Realize, that this is all the ToDecimal() function does, for the string param overload:
Code:
public static decimal ToDecimal(string value)
{
if (value == null)
{
return 0M;
}
return decimal.Parse(value, CultureInfo.CurrentCulture);
}
A textBox's Text property, will NEVER be null, so really, all it's doing is calling decimal.Parse() for you, and without validation on the input. The most "nothingness" value a textBox can have is string.Empty.
minInvoice will ALWAYS be the invoiceTotal because minInvoice is as high as things get. There can be no larger decimal value than decimal.MaxValue, and you're comparing for the smallest of those 2 numbers. It doesn't make sense. It's the complete reverse with the Math.Max line, unless your invoiceTotal is a negative value, you can't get a smaller value than 0...
Last edited by AceInfinity; February 3rd, 2013 at 04:25 PM.
I see what you mean Ace. It was suggested I use MaxValue so the correct value is returned the first time. If I had declared it as 0, then the first time an invoice is entered it would always display 0 as the min invoice.
I see what you mean Ace. It was suggested I use MaxValue so the correct value is returned the first time. If I had declared it as 0, then the first time an invoice is entered it would always display 0 as the min invoice.
That's why if you look at my looping method, I automatically set it to the first invoice, and then I start looping from there, without looking at the one I already assigned as the minimum value to find any values smaller than the first invoice that I assigned to that variable. Doing it that way, avoids you from having to assign the variable to a useless value that doesn't really do anything for you.
**It double posted for some reason, so i'll provide an analogy here:
It would be like picking a number from a bag that has a whole bunch of paper slips, and then taking each other piece of paper out of that bag individually comparing to the first one you took out, and keeping the smaller value from each comparison as you went along until no more slips of paper were left.
Logically, this makes much more sense, than for instance, what you're doing, which is almost like having an initial piece of paper, writing a ridiculously huge number on it.
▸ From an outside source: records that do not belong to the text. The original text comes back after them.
(* Suppose Assumptions 1 and 2 hold and run Algorithm 1 with any $\gamma,\alpha>0$. Then for every $t\in\{1,2,\ldots\}$, $$\|\mathbf{Q}(t)\|\le2\gamma G+\frac{\alpha R^2+2DR+2\gamma^2G^2}{\gamma\epsilon}.$$
   Context: Setting: $n,m$ positive integers; $\mathcal{X}_0\subset\mathbb{R}^n$ is a nonempty compact convex set; $\mathbf{g}=(g_1,\ldots,g_m)^{\mathsf T}:\mathbb{R}^n\to\mathbb{R}^m$ with each $g_k$ convex and continuous; $f^t$, $t=0,1,2,\ldots$, are convex differentiable real functions on (a neighborhood of) $\mathcal{X}_0$. All norms are Euclidean. Assumption 1: there are constants $D,\beta,G,R>0$ with $\|\nabla f^t(\mathbf{x})\|\le D$ for all $\mathbf{x}\in\mathcal{X}_0$ and all $t\ge0$; $\|\mathbf{g}(\mathbf{x})-\mathbf{g}(\mathbf{y})\|\le\beta\|\mathbf{x}-\mathbf{y}\|$ for all $\mathbf{x},\mathbf{y}\in\mathcal{X}_0$; $\|\mathbf{g}(\mathbf{x})\|\le G$ for all $\mathbf{x}\in\mathcal{X}_0$; $\|\mathbf{x}-\mathbf{y}\|\le R$ for all $\mathbf{x},\mathbf{y}\in\mathcal{X}_0$. Assumption 2 (Slater condition): there exist $\epsilon>0$ and $\hat{\mathbf{x}}\in\mathcal{X}_0$ with $g_k(\hat{\mathbf{x}})\le-\epsilon$ for all $k\in\{1,\ldots,m\}$. Algorithm 1 (parameters $\gamma>0,\alpha>0$): let $\tilde{\mathbf{g}}(\mathbf{x})=\gamma\mathbf{g}(\mathbf{x})$. Choose any $\mathbf{x}(0)\in\mathcal{X}_0$ and set $Q_k(0)=0$ for all $k$. For each $t=0,1,2,\ldots$: set $Q_k(t+1)=\max\{-\tilde g_k(\mathbf{x}(t)),\,Q_k(t)+\tilde g_k(\mathbf{x}(t))\}$ for $k=1,\ldots,m$, and let $\mathbf{x}(t+1)$ be a minimizer over $\mathbf{x}\in\mathcal{X}_0$ of $[\nabla f^t(\mathbf{x}(t))]^{\mathsf T}(\mathbf{x}-\mathbf{x}(t))+[\mathbf{Q}(t+1)+\tilde{\mathbf{g}}(\mathbf{x}(t))]^{\mathsf T}\tilde{\mathbf{g}}(\mathbf{x})+\alpha\|\mathbf{x}-\mathbf{x}(t)\|^2$, where $\mathbf{Q}(t)=(Q_1(t),\ldots,Q_m(t))^{\mathsf T}$. *)

theory Defs
  imports "HOL-Analysis.Analysis"
begin

text \<open>Objective minimized in the primal update of Algorithm 1 at step t:
  grad is the gradient of f^t at x(t), Qn = Q(t+1), gamma scales g.\<close>
definition alg1_obj ::
  "real \<Rightarrow> real \<Rightarrow> (real^'n \<Rightarrow> real^'m) \<Rightarrow> real^'n \<Rightarrow> real^'n \<Rightarrow> real^'m \<Rightarrow> real^'n \<Rightarrow> real"
  where "alg1_obj \<gamma> \<alpha> g grad xt Qn y =
     grad \<bullet> (y - xt) + (Qn + \<gamma> *\<^sub>R g xt) \<bullet> (\<gamma> *\<^sub>R g y) + \<alpha> * (norm (y - xt))\<^sup>2"

end

theory Submission
  imports Defs
begin

text \<open>Write \<open>P(t) = Q(t+1) + \<gamma> g(x(t))\<close>. Comparing the primal update with the Slater point
  \<open>xhat\<close> gives \<open>P(t) \<bullet> \<gamma> g(x(t+1)) \<le> D R + \<alpha> R\<^sup>2 - \<gamma> \<epsilon> \<parallel>P(t)\<parallel>\<close>, and the queue update obeys
  \<open>\<parallel>Q(t+2)\<parallel>\<^sup>2 \<le> \<parallel>Q(t+1)\<parallel>\<^sup>2 + 2 Q(t+1) \<bullet> \<gamma> g(x(t+1)) + 2 \<gamma>\<^sup>2 G\<^sup>2\<close>. Together these make
  \<open>\<parallel>Q\<parallel>\<close> non-increasing as soon as it exceeds a threshold \<open>\<theta>\<close>, while a single step never raises
  \<open>\<parallel>Q\<parallel>\<close> by more than \<open>\<gamma> G\<close>; hence \<open>\<parallel>Q(t)\<parallel> \<le> \<theta> + \<gamma> G\<close> throughout.\<close>

lemma bounded_by_threshold_plus_increment:
  fixes u :: "nat \<Rightarrow> real"
  assumes "u 0 \<le> \<theta> + \<delta>"
    and increment: "\<And>n. u (Suc n) \<le> u n + \<delta>"
    and above_threshold: "\<And>n. \<theta> \<le> u n \<Longrightarrow> u (Suc n) \<le> u n"
  shows "u n \<le> \<theta> + \<delta>"
proof (induction n)
  case 0
  show ?case by (rule assms(1))
next
  case (Suc n)
  then show ?case
    using increment[of n] above_threshold[of n] by (cases "\<theta> \<le> u n") auto
qed

lemma power2_norm_vec: "(norm (v::real^'m))\<^sup>2 = (\<Sum>i\<in>UNIV. (v$i)\<^sup>2)"
  unfolding power2_norm_eq_inner inner_vec_def by (simp add: power2_eq_square)

lemma queue_update_add_nonneg:
  fixes q q' a :: "real^'m"
  assumes "\<forall>k. q' $ k = max (- a $ k) (q $ k + a $ k)"
  shows "(q' + a) $ k \<ge> 0"
  using assms by (simp add: max_def)

lemma queue_update_nonneg:
  fixes q q' a :: "real^'m"
  assumes "\<forall>k. q' $ k = max (- a $ k) (q $ k + a $ k)" and "\<forall>k. q $ k \<ge> 0"
  shows "q' $ k \<ge> 0"
  using assms(1)[rule_format, of k] assms(2)[rule_format, of k] by linarith

lemma norm_queue_update_le:
  fixes q q' a :: "real^'m"
  assumes "\<forall>k. q' $ k = max (- a $ k) (q $ k + a $ k)" and "\<forall>k. q $ k \<ge> 0"
  shows "norm q' \<le> norm q + norm a"
proof -
  have "norm (q' - q) \<le> norm a"
  proof (rule norm_le_componentwise_cart)
    show "norm ((q' - q) $ i) \<le> norm (a $ i)" for i
      using assms(1)[rule_format, of i] assms(2)[rule_format, of i] by (auto simp: max_def)
  qed
  moreover have "norm q' \<le> norm q + norm (q' - q)"
    using norm_triangle_ineq[of q "q' - q"] by simp
  ultimately show ?thesis by linarith
qed

lemma power2_norm_queue_update_le:
  fixes q q' a :: "real^'m"
  assumes "\<forall>k. q' $ k = max (- a $ k) (q $ k + a $ k)"
  shows "(norm q')\<^sup>2 \<le> (norm q)\<^sup>2 + 2 * (q \<bullet> a) + 2 * (norm a)\<^sup>2"
proof -
  have "(q'$k)\<^sup>2 \<le> (q$k)\<^sup>2 + 2 * (q$k * a$k) + 2 * (a$k)\<^sup>2" for k
    using assms[rule_format, of k] zero_le_power2[of "q$k + a$k"]
    by (auto simp: max_def power2_eq_square algebra_simps)
  then have "(\<Sum>k\<in>UNIV. (q'$k)\<^sup>2) \<le> (\<Sum>k\<in>UNIV. (q$k)\<^sup>2 + 2 * (q$k * a$k) + 2 * (a$k)\<^sup>2)"
    by (rule sum_mono)
  then show ?thesis
    by (simp add: power2_norm_vec inner_vec_def sum.distrib sum_distrib_left)
qed

lemma inner_le_neg_norm_of_nonneg:
  fixes p h :: "real^'m"
  assumes "\<forall>k. p $ k \<ge> 0" and "\<forall>k. h $ k \<le> - e" and "e > 0"
  shows "p \<bullet> h \<le> - e * norm p"
proof -
  have "p \<bullet> h = (\<Sum>k\<in>UNIV. p$k * h$k)" by (simp add: inner_vec_def)
  also have "\<dots> \<le> (\<Sum>k\<in>UNIV. - e * \<bar>p$k\<bar>)"
    using assms(1,2) mult_left_mono[of "h $ _" "- e" "p $ _"] by (intro sum_mono) (simp add: mult.commute)
  also have "\<dots> = - e * (\<Sum>k\<in>UNIV. \<bar>p$k\<bar>)" by (simp add: sum_distrib_left)
  also have "\<dots> \<le> - e * norm p"
    using norm_le_l1_cart[of p] assms(3) by simp
  finally show ?thesis .
qed

lemma alg1_obj_min_le_slater:
  fixes g :: "real^'n \<Rightarrow> real^'m"
  assumes min: "alg1_obj \<gamma> \<alpha> g grad xt Qn xn \<le> alg1_obj \<gamma> \<alpha> g grad xt Qn xhat"
    and "norm grad \<le> D" "norm (xhat - xn) \<le> R" "norm (xhat - xt) \<le> R"
    and P_nonneg: "\<forall>k. (Qn + \<gamma> *\<^sub>R g xt) $ k \<ge> 0"
    and slater: "\<forall>k. g xhat $ k \<le> - \<epsilon>" "\<epsilon> > 0"
    and "\<gamma> > 0" "\<alpha> > 0"
  shows "(Qn + \<gamma> *\<^sub>R g xt) \<bullet> (\<gamma> *\<^sub>R g xn)
           \<le> D * R + \<alpha> * R\<^sup>2 - \<gamma> * \<epsilon> * norm (Qn + \<gamma> *\<^sub>R g xt)"
proof -
  define P where "P = Qn + \<gamma> *\<^sub>R g xt"
  have grad_diff: "grad \<bullet> (xhat - xt) - grad \<bullet> (xn - xt) \<le> D * R"
  proof -
    have "grad \<bullet> (xhat - xt) - grad \<bullet> (xn - xt) = grad \<bullet> (xhat - xn)"
      by (simp add: inner_diff_right)
    also have "\<dots> \<le> norm grad * norm (xhat - xn)" by (rule norm_cauchy_schwarz)
    also have "\<dots> \<le> D * R"
      using assms(2,3) order_trans[OF norm_ge_zero assms(2)] by (intro mult_mono) auto
    finally show ?thesis .
  qed
  have prox: "\<alpha> * (norm (xhat - xt))\<^sup>2 \<le> \<alpha> * R\<^sup>2"
    using assms(4,9) by (intro mult_left_mono power_mono) auto
  have "P \<bullet> g xhat \<le> - \<epsilon> * norm P"
    using inner_le_neg_norm_of_nonneg[of P] P_nonneg slater by (simp add: P_def)
  then have slater_term: "P \<bullet> (\<gamma> *\<^sub>R g xhat) \<le> - \<gamma> * \<epsilon> * norm P"
    using mult_left_mono[of _ _ \<gamma>] \<open>\<gamma> > 0\<close> by fastforce
  have "0 \<le> \<alpha> * (norm (xn - xt))\<^sup>2" using \<open>\<alpha> > 0\<close> by simp
  with min grad_diff prox slater_term show ?thesis
    by (simp add: alg1_obj_def P_def algebra_simps)
qed

text \<open>One queue step from \<open>q\<close> with increment \<open>b\<close>, where \<open>a\<close> is the previous increment.\<close>

lemma norm_queue_update_nonincreasing:
  fixes q q' a b :: "real^'m"
  assumes upd: "\<forall>k. q' $ k = max (- b $ k) (q $ k + b $ k)"
    and "norm a \<le> c" "norm b \<le> c"
    and drift: "(q + a) \<bullet> b \<le> K - e * norm (q + a)"
    and "e > 0"
    and threshold: "c + (K + 2 * c\<^sup>2) / e \<le> norm q"
  shows "norm q' \<le> norm q"
proof -
  have "- (a \<bullet> b) \<le> norm a * norm b"
    using norm_cauchy_schwarz[of "- a" b] by simp
  also have "\<dots> \<le> c\<^sup>2"
    using assms(2,3) order_trans[OF norm_ge_zero assms(2)]
    by (simp add: power2_eq_square mult_mono)
  finally have cross: "- (a \<bullet> b) \<le> c\<^sup>2" .
  have "(norm b)\<^sup>2 \<le> c\<^sup>2" using assms(3) by (intro power_mono) auto
  moreover have "norm (q + a) \<ge> norm q - c"
    using norm_triangle_ineq4[of "q + a" a] assms(2) by simp
  then have "(K + 2 * c\<^sup>2) / e \<le> norm (q + a)"
    using threshold by linarith
  then have "K + 2 * c\<^sup>2 \<le> e * norm (q + a)"
    using \<open>e > 0\<close> by (simp add: pos_divide_le_eq mult.commute)
  moreover have "q \<bullet> b = (q + a) \<bullet> b - a \<bullet> b" by (simp add: inner_add_left)
  ultimately have "(norm q')\<^sup>2 \<le> (norm q)\<^sup>2"
    using power2_norm_queue_update_le[OF upd] drift cross by linarith
  then show ?thesis by (rule power2_le_imp_le) simp
qed

theorem corollary2:
  fixes X0 :: "(real^'n) set"
    and g :: "real^'n \<Rightarrow> real^'m"
    and f :: "nat \<Rightarrow> real^'n \<Rightarrow> real"
    and gradf :: "nat \<Rightarrow> real^'n \<Rightarrow> real^'n"
    and S :: "(real^'n) set"
    and D \<beta> G R \<epsilon> \<gamma> \<alpha> :: real
    and xhat :: "real^'n"
    and x :: "nat \<Rightarrow> real^'n"
    and Q :: "nat \<Rightarrow> real^'m"
  assumes X0_ne: "X0 \<noteq> {}" and X0_compact: "compact X0" and X0_convex: "convex X0"
    and g_convex: "\<forall>k. convex_on UNIV (\<lambda>z. g z $ k)"
    and g_cont: "\<forall>k. continuous_on UNIV (\<lambda>z. g z $ k)"
    and S_open: "open S" and S_sup: "X0 \<subseteq> S"
    and f_convex: "\<forall>t. convex_on S (f t)"
    and f_grad: "\<forall>t. \<forall>z\<in>S. (f t has_derivative (\<lambda>h. gradf t z \<bullet> h)) (at z)"
    and consts_pos: "D > 0" "\<beta> > 0" "G > 0" "R > 0"
    and grad_bound: "\<forall>t. \<forall>z\<in>X0. norm (gradf t z) \<le> D"
    and g_lip: "\<forall>y\<in>X0. \<forall>z\<in>X0. norm (g y - g z) \<le> \<beta> * norm (y - z)"
    and g_bound: "\<forall>z\<in>X0. norm (g z) \<le> G"
    and diam: "\<forall>y\<in>X0. \<forall>z\<in>X0. norm (y - z) \<le> R"
    and slater: "\<epsilon> > 0" "xhat \<in> X0" "\<forall>k. g xhat $ k \<le> - \<epsilon>"
    and params: "\<gamma> > 0" "\<alpha> > 0"
    and x0: "x 0 \<in> X0" and Q0: "Q 0 = 0"
    and Q_upd: "\<forall>t k. Q (Suc t) $ k =
                  max (- (\<gamma> * g (x t) $ k)) (Q t $ k + \<gamma> * g (x t) $ k)"
    and x_upd: "\<forall>t. x (Suc t) \<in> X0 \<and>
                  (\<forall>y\<in>X0. alg1_obj \<gamma> \<alpha> g (gradf t (x t)) (x t) (Q (Suc t)) (x (Suc t))
                           \<le> alg1_obj \<gamma> \<alpha> g (gradf t (x t)) (x t) (Q (Suc t)) y)"
  shows "\<forall>t\<ge>1. norm (Q t) \<le> 2 * \<gamma> * G
           + (\<alpha> * R\<^sup>2 + 2 * D * R + 2 * \<gamma>\<^sup>2 * G\<^sup>2) / (\<gamma> * \<epsilon>)"
proof -
  define b where "b t = \<gamma> *\<^sub>R g (x t)" for t
  define \<theta> where "\<theta> = \<gamma> * G + (D * R + \<alpha> * R\<^sup>2 + 2 * (\<gamma> * G)\<^sup>2) / (\<gamma> * \<epsilon>)"
  have "\<theta> \<ge> 0"
    unfolding \<theta>_def using consts_pos params slater
    by (intro add_nonneg_nonneg divide_nonneg_pos) auto
  have x_in: "x t \<in> X0" for t
    by (cases t) (use x0 x_upd in auto)
  have b_bound: "norm (b t) \<le> \<gamma> * G" for t
    using g_bound x_in[of t] params by (simp add: b_def mult_left_mono)
  have upd: "\<forall>k. Q (Suc t) $ k = max (- b t $ k) (Q t $ k + b t $ k)" for t
    using Q_upd by (simp add: b_def)
  have Q_nonneg: "\<forall>k. Q t $ k \<ge> 0" for t
    by (induction t) (use Q0 queue_update_nonneg[OF upd] in auto)
  have drift: "(Q (Suc t) + b t) \<bullet> b (Suc t)
                 \<le> D * R + \<alpha> * R\<^sup>2 - \<gamma> * \<epsilon> * norm (Q (Suc t) + b t)" for t
    unfolding b_def
  proof (rule alg1_obj_min_le_slater[where g = g and grad = "gradf t (x t)" and xt = "x t"
                                        and xn = "x (Suc t)" and xhat = xhat])
    show "\<forall>k. (Q (Suc t) + \<gamma> *\<^sub>R g (x t)) $ k \<ge> 0"
      using queue_update_add_nonneg[OF upd] by (simp add: b_def)
  qed (use x_upd x_in grad_bound diam slater params in auto)
  have "norm (Q (Suc n)) \<le> \<theta> + \<gamma> * G" for n
  proof (rule bounded_by_threshold_plus_increment[where u = "\<lambda>n. norm (Q (Suc n))"])
    show "norm (Q (Suc 0)) \<le> \<theta> + \<gamma> * G"
      using norm_queue_update_le[OF upd Q_nonneg, of 0] b_bound[of 0] Q0 \<open>\<theta> \<ge> 0\<close> by simp
    show "norm (Q (Suc (Suc n))) \<le> norm (Q (Suc n)) + \<gamma> * G" for n
      using norm_queue_update_le[OF upd Q_nonneg, of "Suc n"] b_bound[of "Suc n"] by simp
    show "norm (Q (Suc (Suc n))) \<le> norm (Q (Suc n))" if "\<theta> \<le> norm (Q (Suc n))" for n
      using norm_queue_update_nonincreasing[OF upd b_bound b_bound drift] that params slater
      by (simp add: \<theta>_def)
  qed
  moreover have "\<theta> + \<gamma> * G \<le> 2 * \<gamma> * G + (\<alpha> * R\<^sup>2 + 2 * D * R + 2 * \<gamma>\<^sup>2 * G\<^sup>2) / (\<gamma> * \<epsilon>)"
    using consts_pos params slater
    by (simp add: \<theta>_def divide_right_mono power_mult_distrib)
  ultimately show ?thesis
    by (metis Suc_le_D One_nat_def order_trans)
qed

end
And using that as a stepping stone to compare the same way as described earlier in my post here. Being able to skip steps is always good in programming, so long as you get a good reliable result.
I haven't gotten as far as loops yet. Here's what I am supposed to do:
Use the Math.Min method to compare each invoice total to a variable that contains the smallest invoice total to that point. Then, replace the variable with the smaller of the two invoice totals. To make this work for the first invoice, you can initialize this variable to a large number like the MaxValue member of the Decimal class.
This is a homework thing? Sort out your knowns for what they want you to do then:
- Use Math.Min() to compare each invoice total to a variable that contains the smallest invoice total
I wouldn't suggest setting it to MaxValue if there's no reason. Unless it's possible to get an invoice of $0, you can set it to the first invoice total, then you have an immediate starting point to compare against future invoices.
You know what you're supposed to do, but I can't help and I won't write code for you especially if this is homework, so what are you stuck on then?
I don't expect anyone to write code for me, just looking for outside opinions as well. My classmates in this online course aren't posting any suggestions either, and neither is my instructor. I thank you for your help anyways.
It seems to be doing the first invoice right, it should display invoiceTotal in both the smallest and largest invoice fields the first time. Just can't work out how to get it to compare the next input to the previous one. We cover loops in the next chapter, so I'm guessing I shouldn't be using those yet.